• _SOURCE RECORDS_:
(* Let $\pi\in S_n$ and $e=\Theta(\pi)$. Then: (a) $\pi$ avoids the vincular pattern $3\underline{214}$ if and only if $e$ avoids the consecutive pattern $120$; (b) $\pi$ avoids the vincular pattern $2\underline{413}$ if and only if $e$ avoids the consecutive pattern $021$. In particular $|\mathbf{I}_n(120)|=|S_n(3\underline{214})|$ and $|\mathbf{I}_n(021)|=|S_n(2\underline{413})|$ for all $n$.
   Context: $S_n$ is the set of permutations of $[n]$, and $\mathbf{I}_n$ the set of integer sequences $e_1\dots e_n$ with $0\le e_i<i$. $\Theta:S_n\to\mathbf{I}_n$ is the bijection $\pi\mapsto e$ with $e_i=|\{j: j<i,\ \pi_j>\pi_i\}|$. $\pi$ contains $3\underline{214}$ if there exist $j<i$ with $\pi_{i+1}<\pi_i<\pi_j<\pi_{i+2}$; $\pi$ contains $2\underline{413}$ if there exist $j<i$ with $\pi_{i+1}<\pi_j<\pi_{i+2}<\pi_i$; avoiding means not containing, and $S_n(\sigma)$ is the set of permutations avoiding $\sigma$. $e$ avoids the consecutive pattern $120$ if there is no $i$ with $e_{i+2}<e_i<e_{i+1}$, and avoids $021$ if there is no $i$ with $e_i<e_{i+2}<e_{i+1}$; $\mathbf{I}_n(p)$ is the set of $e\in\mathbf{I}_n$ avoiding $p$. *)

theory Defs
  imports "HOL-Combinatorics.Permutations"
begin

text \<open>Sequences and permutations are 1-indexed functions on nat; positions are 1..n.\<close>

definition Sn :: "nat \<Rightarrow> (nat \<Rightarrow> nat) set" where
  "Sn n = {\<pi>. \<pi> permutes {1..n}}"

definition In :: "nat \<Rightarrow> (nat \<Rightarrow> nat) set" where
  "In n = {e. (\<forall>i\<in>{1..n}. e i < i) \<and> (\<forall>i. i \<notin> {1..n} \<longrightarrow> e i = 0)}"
--
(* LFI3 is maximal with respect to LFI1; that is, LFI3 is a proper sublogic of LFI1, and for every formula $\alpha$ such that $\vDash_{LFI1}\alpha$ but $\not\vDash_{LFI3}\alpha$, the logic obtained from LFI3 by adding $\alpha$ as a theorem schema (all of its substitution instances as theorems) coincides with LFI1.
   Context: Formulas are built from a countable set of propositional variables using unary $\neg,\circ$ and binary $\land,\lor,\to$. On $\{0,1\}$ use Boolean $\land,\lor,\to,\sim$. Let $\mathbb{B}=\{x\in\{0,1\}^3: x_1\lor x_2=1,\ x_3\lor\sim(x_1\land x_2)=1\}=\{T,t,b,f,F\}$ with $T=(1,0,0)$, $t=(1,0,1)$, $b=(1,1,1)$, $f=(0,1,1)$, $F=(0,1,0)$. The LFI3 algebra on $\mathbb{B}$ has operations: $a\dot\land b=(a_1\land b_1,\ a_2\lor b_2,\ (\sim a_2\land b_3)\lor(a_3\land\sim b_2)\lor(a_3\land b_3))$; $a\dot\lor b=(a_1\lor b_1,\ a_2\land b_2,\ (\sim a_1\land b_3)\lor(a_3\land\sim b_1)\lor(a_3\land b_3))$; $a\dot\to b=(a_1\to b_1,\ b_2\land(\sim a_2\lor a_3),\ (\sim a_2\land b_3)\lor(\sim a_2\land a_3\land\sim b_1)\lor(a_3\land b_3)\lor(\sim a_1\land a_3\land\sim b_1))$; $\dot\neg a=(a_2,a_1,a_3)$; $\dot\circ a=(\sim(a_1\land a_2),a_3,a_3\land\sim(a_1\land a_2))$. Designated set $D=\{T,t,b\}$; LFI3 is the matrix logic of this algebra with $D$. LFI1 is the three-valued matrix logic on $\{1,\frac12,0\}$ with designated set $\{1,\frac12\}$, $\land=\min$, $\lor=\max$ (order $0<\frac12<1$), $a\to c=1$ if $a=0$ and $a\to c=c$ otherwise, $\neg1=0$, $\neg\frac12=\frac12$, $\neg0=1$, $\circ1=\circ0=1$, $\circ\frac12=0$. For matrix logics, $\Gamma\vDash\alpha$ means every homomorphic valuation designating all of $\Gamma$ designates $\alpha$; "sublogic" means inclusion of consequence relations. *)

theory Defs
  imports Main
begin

• _WHAT YOU NEED TO DO_: Tell how many lines of the records above contain "imports", replying with the number only.

• _RESPONSE TO THIS EXERCISE_: 2